=== Begin Enclosure ===

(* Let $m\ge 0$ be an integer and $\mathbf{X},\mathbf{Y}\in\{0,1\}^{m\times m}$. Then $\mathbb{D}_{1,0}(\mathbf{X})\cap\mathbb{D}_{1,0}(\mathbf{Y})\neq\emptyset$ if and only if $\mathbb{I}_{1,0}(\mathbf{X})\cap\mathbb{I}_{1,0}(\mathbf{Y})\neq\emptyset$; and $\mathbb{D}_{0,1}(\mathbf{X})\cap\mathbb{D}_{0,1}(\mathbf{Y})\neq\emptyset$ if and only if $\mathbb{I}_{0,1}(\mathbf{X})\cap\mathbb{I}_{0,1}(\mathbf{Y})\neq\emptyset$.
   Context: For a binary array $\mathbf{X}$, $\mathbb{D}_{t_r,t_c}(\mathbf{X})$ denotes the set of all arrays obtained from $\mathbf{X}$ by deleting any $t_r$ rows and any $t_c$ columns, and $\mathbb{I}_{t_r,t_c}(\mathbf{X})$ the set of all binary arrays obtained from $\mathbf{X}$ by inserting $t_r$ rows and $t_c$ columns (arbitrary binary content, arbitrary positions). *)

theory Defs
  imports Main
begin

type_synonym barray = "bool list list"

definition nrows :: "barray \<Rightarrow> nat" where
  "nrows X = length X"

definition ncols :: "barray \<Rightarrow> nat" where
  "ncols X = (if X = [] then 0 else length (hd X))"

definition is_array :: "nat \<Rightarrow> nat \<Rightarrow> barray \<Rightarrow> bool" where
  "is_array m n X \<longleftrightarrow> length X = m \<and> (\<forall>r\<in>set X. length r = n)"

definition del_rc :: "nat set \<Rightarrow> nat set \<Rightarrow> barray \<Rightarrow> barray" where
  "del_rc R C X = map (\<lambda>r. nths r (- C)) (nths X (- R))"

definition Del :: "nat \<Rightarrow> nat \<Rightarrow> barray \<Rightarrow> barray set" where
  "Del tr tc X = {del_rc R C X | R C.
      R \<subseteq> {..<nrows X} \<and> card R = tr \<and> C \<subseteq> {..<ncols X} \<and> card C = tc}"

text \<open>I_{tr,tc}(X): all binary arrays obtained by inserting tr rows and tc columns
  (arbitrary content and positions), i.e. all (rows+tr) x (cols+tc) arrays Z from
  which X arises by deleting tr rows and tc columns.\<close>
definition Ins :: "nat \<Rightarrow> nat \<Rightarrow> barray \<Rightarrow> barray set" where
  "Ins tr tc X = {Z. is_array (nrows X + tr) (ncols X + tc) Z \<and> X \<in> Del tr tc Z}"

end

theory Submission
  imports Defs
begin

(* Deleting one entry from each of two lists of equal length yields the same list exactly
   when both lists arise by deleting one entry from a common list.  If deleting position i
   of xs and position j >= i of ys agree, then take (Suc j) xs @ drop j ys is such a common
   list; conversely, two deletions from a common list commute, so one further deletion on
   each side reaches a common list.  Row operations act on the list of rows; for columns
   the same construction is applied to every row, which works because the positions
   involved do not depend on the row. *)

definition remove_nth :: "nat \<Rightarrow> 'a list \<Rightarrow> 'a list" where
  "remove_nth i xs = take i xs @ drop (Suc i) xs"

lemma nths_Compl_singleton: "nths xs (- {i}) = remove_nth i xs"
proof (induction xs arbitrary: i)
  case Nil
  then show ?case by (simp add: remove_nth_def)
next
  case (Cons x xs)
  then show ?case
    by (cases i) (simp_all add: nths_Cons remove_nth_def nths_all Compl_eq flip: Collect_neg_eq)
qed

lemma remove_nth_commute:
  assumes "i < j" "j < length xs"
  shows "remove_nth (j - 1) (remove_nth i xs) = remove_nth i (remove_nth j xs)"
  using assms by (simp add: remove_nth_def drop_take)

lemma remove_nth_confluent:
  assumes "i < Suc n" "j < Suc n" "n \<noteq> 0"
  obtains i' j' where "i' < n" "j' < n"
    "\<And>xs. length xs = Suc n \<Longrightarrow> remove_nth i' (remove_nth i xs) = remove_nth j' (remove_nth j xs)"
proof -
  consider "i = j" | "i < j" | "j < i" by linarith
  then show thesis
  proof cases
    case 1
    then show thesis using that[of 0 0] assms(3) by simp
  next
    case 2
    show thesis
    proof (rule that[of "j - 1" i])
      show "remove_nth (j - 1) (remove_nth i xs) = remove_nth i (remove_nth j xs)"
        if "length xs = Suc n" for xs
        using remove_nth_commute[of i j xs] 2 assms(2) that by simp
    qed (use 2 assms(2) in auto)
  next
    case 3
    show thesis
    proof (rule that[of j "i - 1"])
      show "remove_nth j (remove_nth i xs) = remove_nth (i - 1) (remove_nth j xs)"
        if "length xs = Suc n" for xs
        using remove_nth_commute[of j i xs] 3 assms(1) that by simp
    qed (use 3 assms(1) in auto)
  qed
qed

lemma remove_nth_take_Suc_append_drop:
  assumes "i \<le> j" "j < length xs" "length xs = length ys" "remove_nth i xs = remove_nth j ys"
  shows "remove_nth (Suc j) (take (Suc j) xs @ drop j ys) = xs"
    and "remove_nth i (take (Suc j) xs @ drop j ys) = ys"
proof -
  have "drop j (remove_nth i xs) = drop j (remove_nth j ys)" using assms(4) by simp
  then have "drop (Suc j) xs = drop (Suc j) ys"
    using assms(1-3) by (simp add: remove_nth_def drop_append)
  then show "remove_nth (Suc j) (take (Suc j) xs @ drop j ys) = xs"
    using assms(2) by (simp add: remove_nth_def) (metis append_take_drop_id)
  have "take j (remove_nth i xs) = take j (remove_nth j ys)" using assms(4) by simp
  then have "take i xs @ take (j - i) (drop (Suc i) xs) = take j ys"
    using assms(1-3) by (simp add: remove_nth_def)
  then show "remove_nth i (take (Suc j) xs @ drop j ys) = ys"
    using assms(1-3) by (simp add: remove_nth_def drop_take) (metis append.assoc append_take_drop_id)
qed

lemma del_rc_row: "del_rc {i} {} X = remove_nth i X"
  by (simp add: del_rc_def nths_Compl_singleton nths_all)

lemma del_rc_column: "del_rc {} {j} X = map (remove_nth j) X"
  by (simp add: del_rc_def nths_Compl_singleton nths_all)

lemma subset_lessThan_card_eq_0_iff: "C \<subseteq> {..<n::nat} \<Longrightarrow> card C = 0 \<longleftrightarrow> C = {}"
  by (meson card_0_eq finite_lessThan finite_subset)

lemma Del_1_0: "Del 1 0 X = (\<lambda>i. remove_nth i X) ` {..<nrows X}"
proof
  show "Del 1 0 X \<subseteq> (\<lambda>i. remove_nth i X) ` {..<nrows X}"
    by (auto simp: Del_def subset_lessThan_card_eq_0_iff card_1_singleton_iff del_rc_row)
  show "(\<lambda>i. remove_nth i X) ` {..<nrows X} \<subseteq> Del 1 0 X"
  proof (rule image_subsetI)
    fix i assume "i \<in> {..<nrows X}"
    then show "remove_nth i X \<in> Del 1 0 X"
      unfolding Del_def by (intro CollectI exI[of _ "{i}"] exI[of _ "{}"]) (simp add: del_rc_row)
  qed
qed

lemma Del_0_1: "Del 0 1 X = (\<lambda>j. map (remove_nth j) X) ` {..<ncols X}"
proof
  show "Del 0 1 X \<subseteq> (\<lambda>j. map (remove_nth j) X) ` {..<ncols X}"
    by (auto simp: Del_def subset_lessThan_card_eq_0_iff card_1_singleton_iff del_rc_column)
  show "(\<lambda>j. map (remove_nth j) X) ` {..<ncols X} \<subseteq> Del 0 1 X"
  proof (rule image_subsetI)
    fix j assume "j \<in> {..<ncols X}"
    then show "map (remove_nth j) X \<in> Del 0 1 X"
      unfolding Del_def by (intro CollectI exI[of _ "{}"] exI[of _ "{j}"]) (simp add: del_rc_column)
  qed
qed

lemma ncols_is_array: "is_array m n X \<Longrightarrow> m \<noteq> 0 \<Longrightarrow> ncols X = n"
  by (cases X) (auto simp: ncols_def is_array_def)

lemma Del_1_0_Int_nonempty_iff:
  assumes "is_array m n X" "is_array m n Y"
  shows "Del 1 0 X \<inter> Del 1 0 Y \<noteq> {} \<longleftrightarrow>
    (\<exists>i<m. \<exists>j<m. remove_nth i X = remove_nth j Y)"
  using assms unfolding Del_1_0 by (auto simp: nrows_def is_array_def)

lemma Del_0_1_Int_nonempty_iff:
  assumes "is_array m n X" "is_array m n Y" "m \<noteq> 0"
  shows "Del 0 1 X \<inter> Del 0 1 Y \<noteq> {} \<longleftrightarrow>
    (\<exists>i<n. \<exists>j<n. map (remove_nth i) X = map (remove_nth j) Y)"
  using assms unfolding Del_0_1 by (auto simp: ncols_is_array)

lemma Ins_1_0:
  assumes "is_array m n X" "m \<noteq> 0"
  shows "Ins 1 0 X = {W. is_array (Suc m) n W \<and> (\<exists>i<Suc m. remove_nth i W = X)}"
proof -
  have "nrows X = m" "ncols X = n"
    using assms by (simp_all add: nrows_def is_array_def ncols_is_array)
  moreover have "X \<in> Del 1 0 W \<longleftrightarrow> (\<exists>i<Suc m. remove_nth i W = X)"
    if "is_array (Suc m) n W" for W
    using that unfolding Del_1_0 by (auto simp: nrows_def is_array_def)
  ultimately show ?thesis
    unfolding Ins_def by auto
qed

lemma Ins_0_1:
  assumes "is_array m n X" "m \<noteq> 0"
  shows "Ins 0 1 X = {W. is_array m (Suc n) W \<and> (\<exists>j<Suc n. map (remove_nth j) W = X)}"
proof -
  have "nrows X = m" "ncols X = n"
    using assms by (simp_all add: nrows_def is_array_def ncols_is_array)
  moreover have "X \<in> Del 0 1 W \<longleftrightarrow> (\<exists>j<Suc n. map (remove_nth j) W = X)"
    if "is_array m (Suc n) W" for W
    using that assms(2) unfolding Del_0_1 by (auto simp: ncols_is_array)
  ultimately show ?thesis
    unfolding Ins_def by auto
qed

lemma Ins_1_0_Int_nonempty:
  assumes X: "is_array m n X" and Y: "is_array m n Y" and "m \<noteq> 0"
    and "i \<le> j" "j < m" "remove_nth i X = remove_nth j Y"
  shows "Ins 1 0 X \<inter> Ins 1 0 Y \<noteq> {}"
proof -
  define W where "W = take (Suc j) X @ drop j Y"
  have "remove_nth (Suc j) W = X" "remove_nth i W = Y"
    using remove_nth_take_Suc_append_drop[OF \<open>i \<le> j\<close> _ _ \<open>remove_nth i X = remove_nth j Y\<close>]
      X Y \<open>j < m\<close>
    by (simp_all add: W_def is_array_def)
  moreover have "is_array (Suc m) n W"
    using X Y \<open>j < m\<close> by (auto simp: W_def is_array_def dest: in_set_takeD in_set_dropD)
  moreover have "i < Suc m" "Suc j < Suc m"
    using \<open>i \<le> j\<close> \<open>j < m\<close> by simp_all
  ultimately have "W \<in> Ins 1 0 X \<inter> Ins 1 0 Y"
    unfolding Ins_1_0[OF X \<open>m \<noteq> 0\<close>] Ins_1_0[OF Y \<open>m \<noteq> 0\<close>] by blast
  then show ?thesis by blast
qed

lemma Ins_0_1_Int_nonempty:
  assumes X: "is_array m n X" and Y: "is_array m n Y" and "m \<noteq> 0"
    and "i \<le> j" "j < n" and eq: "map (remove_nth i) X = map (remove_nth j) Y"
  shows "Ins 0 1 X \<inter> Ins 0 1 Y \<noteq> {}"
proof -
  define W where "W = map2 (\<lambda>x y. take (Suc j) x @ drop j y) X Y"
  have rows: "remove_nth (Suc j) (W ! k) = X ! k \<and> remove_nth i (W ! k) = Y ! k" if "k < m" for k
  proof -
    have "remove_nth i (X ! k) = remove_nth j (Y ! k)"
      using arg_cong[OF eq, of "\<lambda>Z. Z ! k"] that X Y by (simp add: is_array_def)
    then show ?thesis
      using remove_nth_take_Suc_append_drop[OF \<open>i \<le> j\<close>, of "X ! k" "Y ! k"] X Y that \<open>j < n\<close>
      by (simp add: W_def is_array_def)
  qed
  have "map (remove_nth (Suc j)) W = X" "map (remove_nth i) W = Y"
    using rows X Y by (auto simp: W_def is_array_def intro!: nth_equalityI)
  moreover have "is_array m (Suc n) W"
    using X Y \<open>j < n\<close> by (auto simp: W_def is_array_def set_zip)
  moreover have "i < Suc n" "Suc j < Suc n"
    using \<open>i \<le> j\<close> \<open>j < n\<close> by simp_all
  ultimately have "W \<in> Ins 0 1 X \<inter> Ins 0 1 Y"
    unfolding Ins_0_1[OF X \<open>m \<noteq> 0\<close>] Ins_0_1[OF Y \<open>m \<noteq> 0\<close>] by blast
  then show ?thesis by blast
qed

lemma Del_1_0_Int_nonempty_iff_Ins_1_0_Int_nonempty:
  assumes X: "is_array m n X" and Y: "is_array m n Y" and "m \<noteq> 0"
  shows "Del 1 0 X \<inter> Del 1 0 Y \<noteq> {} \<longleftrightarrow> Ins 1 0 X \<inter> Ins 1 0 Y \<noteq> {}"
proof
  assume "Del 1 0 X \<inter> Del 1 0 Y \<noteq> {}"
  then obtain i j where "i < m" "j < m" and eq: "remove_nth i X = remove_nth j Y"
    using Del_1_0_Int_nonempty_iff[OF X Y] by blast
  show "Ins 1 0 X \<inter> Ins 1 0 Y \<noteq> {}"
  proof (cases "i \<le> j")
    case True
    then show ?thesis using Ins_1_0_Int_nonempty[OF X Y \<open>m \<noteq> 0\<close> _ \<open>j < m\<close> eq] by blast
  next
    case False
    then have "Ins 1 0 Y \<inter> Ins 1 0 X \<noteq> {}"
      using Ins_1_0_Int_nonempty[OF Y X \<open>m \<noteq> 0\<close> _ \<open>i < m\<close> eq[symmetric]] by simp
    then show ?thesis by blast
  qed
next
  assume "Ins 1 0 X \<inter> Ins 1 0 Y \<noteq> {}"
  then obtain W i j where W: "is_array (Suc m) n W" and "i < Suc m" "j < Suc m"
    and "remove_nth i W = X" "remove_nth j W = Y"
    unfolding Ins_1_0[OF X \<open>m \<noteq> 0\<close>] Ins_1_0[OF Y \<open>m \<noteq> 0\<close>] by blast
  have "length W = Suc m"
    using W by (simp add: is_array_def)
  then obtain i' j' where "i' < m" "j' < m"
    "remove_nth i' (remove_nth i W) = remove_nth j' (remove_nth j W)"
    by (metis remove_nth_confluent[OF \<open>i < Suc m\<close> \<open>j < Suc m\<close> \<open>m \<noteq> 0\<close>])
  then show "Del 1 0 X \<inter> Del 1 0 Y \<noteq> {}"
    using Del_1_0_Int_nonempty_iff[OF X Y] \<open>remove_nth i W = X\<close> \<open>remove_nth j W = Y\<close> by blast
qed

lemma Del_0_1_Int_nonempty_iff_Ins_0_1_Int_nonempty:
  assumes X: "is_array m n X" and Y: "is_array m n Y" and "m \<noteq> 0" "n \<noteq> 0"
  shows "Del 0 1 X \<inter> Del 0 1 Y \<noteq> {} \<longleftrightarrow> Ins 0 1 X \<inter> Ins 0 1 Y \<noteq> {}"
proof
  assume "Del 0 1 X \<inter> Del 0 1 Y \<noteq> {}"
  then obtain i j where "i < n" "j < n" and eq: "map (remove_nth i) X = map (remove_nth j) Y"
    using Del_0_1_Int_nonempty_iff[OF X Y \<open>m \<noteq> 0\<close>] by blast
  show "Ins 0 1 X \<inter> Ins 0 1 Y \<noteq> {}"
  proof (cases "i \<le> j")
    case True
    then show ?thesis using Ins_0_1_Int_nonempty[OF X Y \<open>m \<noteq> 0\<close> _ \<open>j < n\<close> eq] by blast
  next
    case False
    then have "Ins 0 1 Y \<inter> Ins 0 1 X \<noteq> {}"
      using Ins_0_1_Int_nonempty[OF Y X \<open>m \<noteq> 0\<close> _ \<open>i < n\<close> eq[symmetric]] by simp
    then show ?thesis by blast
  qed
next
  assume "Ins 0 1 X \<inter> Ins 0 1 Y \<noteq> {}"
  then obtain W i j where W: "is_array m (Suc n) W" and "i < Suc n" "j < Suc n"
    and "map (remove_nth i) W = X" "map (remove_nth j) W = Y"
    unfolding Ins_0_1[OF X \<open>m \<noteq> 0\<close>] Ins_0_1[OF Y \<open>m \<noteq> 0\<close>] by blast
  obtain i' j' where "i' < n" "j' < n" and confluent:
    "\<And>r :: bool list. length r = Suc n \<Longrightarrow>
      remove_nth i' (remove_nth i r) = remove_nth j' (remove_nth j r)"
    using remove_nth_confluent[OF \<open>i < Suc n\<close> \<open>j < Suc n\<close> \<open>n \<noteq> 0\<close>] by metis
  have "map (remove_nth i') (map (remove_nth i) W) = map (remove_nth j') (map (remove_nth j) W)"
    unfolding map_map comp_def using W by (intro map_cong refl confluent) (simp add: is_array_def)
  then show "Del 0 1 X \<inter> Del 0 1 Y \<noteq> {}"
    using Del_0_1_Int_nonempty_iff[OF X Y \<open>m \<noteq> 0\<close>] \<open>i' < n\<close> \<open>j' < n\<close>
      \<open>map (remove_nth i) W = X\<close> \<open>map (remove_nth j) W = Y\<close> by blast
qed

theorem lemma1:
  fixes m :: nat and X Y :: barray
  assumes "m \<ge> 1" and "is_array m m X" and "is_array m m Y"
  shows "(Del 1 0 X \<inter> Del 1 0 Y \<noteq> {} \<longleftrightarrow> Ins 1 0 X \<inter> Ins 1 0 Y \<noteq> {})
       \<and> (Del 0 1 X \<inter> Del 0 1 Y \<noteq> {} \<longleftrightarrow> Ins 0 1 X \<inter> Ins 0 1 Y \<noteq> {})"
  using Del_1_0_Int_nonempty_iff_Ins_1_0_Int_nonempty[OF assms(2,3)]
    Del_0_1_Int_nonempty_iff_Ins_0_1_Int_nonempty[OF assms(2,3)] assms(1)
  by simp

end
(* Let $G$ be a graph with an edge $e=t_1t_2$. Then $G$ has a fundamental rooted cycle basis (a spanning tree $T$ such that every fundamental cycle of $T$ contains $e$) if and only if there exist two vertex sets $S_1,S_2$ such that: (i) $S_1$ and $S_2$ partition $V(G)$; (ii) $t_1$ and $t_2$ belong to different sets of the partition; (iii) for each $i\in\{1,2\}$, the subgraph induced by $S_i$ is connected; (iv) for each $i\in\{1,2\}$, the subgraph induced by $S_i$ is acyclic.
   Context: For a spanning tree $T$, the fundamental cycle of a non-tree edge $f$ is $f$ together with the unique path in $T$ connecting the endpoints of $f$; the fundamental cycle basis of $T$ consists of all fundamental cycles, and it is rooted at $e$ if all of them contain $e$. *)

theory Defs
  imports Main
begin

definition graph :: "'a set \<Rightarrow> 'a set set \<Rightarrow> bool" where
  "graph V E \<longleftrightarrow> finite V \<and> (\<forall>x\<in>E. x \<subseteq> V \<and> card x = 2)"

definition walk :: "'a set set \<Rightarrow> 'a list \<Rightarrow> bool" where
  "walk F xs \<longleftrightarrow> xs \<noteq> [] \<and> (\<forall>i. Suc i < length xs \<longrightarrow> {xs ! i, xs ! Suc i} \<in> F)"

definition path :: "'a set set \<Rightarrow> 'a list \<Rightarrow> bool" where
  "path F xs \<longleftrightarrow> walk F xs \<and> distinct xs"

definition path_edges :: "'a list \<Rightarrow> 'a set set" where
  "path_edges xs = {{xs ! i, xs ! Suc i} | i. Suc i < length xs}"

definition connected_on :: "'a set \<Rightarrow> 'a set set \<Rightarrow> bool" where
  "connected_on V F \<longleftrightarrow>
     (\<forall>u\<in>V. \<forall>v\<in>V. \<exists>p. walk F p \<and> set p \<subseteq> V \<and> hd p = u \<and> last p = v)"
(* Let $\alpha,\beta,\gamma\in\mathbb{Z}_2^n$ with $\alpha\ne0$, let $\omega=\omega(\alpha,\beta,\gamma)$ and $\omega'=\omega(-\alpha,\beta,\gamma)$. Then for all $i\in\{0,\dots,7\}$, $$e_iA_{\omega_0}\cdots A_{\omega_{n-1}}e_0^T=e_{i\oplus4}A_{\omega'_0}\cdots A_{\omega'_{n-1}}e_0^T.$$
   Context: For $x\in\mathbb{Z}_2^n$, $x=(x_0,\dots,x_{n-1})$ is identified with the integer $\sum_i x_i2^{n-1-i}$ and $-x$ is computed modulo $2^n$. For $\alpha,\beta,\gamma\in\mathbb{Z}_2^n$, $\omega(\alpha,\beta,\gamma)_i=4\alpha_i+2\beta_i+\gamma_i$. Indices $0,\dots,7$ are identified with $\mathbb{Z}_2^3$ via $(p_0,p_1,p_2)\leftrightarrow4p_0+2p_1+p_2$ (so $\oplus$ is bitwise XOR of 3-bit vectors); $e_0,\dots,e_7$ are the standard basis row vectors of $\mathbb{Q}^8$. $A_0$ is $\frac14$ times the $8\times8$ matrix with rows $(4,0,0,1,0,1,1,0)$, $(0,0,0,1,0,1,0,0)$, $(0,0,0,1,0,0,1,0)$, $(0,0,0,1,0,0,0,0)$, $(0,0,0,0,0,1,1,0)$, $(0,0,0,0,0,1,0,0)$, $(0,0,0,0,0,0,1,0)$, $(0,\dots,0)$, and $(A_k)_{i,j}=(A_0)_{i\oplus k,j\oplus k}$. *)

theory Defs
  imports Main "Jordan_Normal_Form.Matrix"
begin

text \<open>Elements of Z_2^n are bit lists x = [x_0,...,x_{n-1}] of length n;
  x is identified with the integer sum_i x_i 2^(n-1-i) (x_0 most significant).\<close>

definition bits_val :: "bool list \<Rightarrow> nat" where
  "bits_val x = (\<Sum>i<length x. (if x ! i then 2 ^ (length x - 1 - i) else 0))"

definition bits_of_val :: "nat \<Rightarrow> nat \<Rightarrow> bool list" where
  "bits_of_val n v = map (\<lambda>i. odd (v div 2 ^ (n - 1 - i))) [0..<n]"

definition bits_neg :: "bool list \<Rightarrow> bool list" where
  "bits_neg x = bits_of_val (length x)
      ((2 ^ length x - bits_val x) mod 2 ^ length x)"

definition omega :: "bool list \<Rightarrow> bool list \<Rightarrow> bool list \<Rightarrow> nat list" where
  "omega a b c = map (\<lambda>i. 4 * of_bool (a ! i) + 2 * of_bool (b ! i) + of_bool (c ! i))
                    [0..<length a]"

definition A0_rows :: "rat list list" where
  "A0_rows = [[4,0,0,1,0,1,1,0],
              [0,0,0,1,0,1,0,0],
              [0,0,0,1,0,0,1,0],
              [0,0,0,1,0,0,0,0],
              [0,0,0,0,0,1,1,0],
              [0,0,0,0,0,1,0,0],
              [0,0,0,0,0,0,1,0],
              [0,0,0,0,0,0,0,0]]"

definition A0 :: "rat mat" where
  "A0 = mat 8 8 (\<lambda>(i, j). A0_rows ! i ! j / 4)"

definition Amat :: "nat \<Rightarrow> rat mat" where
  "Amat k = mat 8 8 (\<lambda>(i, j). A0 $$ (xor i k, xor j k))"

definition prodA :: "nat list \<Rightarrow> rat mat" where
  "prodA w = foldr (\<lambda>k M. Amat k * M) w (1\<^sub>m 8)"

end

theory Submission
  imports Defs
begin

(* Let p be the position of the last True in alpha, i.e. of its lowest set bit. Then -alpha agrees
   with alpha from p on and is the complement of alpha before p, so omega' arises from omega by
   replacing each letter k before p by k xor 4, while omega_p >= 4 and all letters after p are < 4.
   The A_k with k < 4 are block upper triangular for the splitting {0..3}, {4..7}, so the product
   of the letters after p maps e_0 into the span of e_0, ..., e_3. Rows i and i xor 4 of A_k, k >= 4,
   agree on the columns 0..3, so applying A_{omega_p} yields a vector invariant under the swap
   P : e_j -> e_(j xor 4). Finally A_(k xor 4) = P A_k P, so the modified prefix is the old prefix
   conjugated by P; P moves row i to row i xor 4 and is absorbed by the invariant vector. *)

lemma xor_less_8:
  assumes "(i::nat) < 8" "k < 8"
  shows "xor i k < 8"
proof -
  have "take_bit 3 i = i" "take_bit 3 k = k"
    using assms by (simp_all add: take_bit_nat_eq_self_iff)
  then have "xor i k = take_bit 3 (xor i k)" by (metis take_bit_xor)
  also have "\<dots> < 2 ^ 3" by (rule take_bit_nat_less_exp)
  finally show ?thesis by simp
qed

=== End Enclosure ===

DIRECTIONS FOR THIS TASK: From the material above, copy each line that includes the word "graph".

OUTPUT BELOW:
(* Let $G$ be a graph with an edge $e=t_1t_2$. Then $G$ has a fundamental rooted cycle basis (a spanning tree $T$ such that every fundamental cycle of $T$ contains $e$) if and only if there exist two vertex sets $S_1,S_2$ such that: (i) $S_1$ and $S_2$ partition $V(G)$; (ii) $t_1$ and $t_2$ belong to different sets of the partition; (iii) for each $i\in\{1,2\}$, the subgraph induced by $S_i$ is connected; (iv) for each $i\in\{1,2\}$, the subgraph induced by $S_i$ is acyclic.
definition graph :: "'a set \<Rightarrow> 'a set set \<Rightarrow> bool" where
  "graph V E \<longleftrightarrow> finite V \<and> (\<forall>x\<in>E. x \<subseteq> V \<and> card x = 2)"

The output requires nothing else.